On the strength of both volume and margin improvement, segment earnings(1) surged 59% to $45.0 million compared with $28.3 million last year. Cremin said that all three Esterline business segments contributed to the growth. He said the company’s Sensors & Systems segment “…turned in a particularly strong quarter, reporting earnings 2.5 times greater than last year.” Advanced Materials segment earnings were up 43%, and Avionics & Controls segment earnings were up 27% despite essentially breakeven performance at its CMC operation due principally to the relative valuation between the Canadian and U.S. dollar.
Selling, general and administrative expenses (SG&A) totaled $61.6 million in the first quarter of 2008, compared with $42.4 million a year ago, primarily due to incremental SG&A expenses from CMC. As a percent of sales, SG&A was 16.5% in both periods.

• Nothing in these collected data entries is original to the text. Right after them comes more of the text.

(* Let $f\in\mathcal{K}$ have radius of convergence $R>0$, with Khinchin family $(X_t)$ and fulcrum $F$, and let $Z$ be a standard normal random variable. Fix an integer $n\ge3$. Then $$\lim_{t\uparrow R}\mathbf{E}(\breve{X}_t^j)=\mathbf{E}(Z^j)\quad\text{for every }3\le j\le n$$ if and only if $$\lim_{s\uparrow\ln R}\frac{F^{(j)}(s)}{F''(s)^{j/2}}=0\quad\text{for every }3\le j\le n.$$
   Context: The class $\mathcal{K}$ consists of non-constant power series $f(z)=\sum_{n\ge0}a_nz^n$ with radius of convergence $R\in(0,+\infty]$, with $a_n\ge 0$ for all $n$ and $a_0>0$. For $t\in(0,R)$, $X_t$ is the random variable with $\mathbf{P}(X_t=n)=a_nt^n/f(t)$, $n\ge0$. Write $m_f(t)=\mathbf{E}(X_t)=tf'(t)/f(t)$, $\sigma_f^2(t)=\mathbf{V}(X_t)=t\,m_f'(t)>0$, and $\breve{X}_t=(X_t-m_f(t))/\sigma_f(t)$. The fulcrum of $f$ is $F(s)=\ln f(e^s)$ for real $s<\ln R$ (with $\ln R=+\infty$ if $R=+\infty$); $F''(s)=\sigma_f^2(e^s)$. Limits $t\uparrow R$ mean $t\to+\infty$ when $R=+\infty$. *)

theory Defs
  imports "HOL-Probability.Probability"
begin

definition ps_f :: "(nat \<Rightarrow> real) \<Rightarrow> real \<Rightarrow> real" where
  "ps_f a t = (\<Sum>k. a k * t ^ k)"

text \<open>Khinchin family: P(X_t = k) = a_k t^k / f(t).\<close>
definition kh_prob :: "(nat \<Rightarrow> real) \<Rightarrow> real \<Rightarrow> nat \<Rightarrow> real" where
  "kh_prob a t k = a k * t ^ k / ps_f a t"

definition kh_mean :: "(nat \<Rightarrow> real) \<Rightarrow> real \<Rightarrow> real" where
  "kh_mean a t = (\<Sum>k. real k * kh_prob a t k)"

definition kh_var :: "(nat \<Rightarrow> real) \<Rightarrow> real \<Rightarrow> real" where
  "kh_var a t = (\<Sum>k. (real k - kh_mean a t)^2 * kh_prob a t k)"

definition kh_norm_moment :: "(nat \<Rightarrow> real) \<Rightarrow> nat \<Rightarrow> real \<Rightarrow> real" where
  "kh_norm_moment a j t =
     (\<Sum>k. ((real k - kh_mean a t) / sqrt (kh_var a t)) ^ j * kh_prob a t k)"

definition fulcrum :: "(nat \<Rightarrow> real) \<Rightarrow> real \<Rightarrow> real" where
  "fulcrum a s = ln (ps_f a (exp s))"

definition std_normal_moment :: "nat \<Rightarrow> real" where
  "std_normal_moment j = integral\<^sup>L lborel (\<lambda>x. std_normal_density x * x ^ j)"

definition radius_filter :: "(nat \<Rightarrow> real) \<Rightarrow> real filter" where
  "radius_filter a = (if conv_radius a = \<infinity> then at_top
                      else at_left (real_of_ereal (conv_radius a)))"

definition log_radius_filter :: "(nat \<Rightarrow> real) \<Rightarrow> real filter" where
  "log_radius_filter a = (if conv_radius a = \<infinity> then at_top
                          else at_left (ln (real_of_ereal (conv_radius a))))"

end

theory Submission
  imports Defs "HOL-Real_Asymp.Real_Asymp"
begin

text \<open>
  Write F for the fulcrum and, for a centre c, Phi_c(s) = e^(-cs) f(e^s). Then
  Phi_c^(j)(s) / Phi_c(s) = E((X_t - c)^j) at t = e^s, and ln Phi_c = F - cs. Differentiating
  Phi_c' = Phi_c (ln Phi_c)' repeatedly gives the moment-cumulant recursion
  Phi_c^(j+1) = sum_i (j choose i) (ln Phi_c)^(i+1) Phi_c^(j-i), which also shows that F is smooth.
  With c = F'(s) and after normalisation by F''(s)^(j/2), the normalised moments of X_t and the
  numbers F^(j)(s) / F''(s)^(j/2) satisfy the same recursion as the moments and the cumulants
  0, 1, 0, 0, ... of the standard normal law. The recursion is triangular, so convergence of the
  moments of orders up to n is equivalent to convergence of the cumulants of orders up to n.
  Finally, t = e^s turns s -> ln R into t -> R.
\<close>

section \<open>The moment--cumulant recursion\<close>

lemma sum_binomial_product_Suc:
  fixes u v :: "nat \<Rightarrow> real"
  shows "(\<Sum>k\<le>n. real (n choose k) * (u (Suc k) * v (n - k) + u k * v (Suc (n - k))))
       = (\<Sum>k\<le>Suc n. real (Suc n choose k) * u k * v (Suc n - k))"
proof -
  have shifted: "(\<Sum>k\<le>n. real (n choose k) * (u k * v (Suc (n - k))))
        = u 0 * v (Suc n) + (\<Sum>k<n. real (n choose Suc k) * u (Suc k) * v (n - k))"
    by (subst sum.atMost_shift) (auto simp: Suc_diff_Suc mult.assoc intro!: sum.cong)
  have "(\<Sum>k\<le>Suc n. real (Suc n choose k) * u k * v (Suc n - k))
      = u 0 * v (Suc n) + (\<Sum>k\<le>n. real (Suc n choose Suc k) * u (Suc k) * v (n - k))"
    by (subst sum.atMost_Suc_shift) simp
  also have "\<dots> = u 0 * v (Suc n) + (\<Sum>k\<le>n. real (n choose k) * u (Suc k) * v (n - k))
        + (\<Sum>k<n. real (n choose Suc k) * u (Suc k) * v (n - k))"
    by (simp add: sum.distrib algebra_simps lessThan_Suc_atMost[symmetric])
  finally show ?thesis using shifted by (simp add: sum.distrib algebra_simps)
qed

Research, development and engineering (R&D) expense during the quarter was $22.7 million, or 6.1% of sales, compared with $13.6 million, or 5.3% of sales a year ago. Cremin said that the 6.1% rate is “…somewhat higher than the 5.5% level we expect for the full fiscal year.” Cremin added that the increase is due primarily to “…CMC’s investment in a number of new programs including the T-6B military trainer where they are the cockpit integrator.” He noted that R&D expense is “…mitigated over time through a variety of tax credits received from the tax jurisdictions where we operate our businesses.”
Prior to the tax benefits noted above, Esterline’s effective tax rate in the first quarter was 22.2%. Cremin explained that the $6.9 million tax benefit was related to two significant events. The first was the conclusion of an examination of the company’s U.S. federal income tax returns for fiscal years 2003, 2004 and 2005. The result was a $2.8 million reduction of previously estimated income tax liabilities. The second event was the reduction of Canadian statutory corporate income tax rates that will be phased in over the next several years. This resulted in a net reduction of deferred income tax liabilities in the amount of $4.1 million.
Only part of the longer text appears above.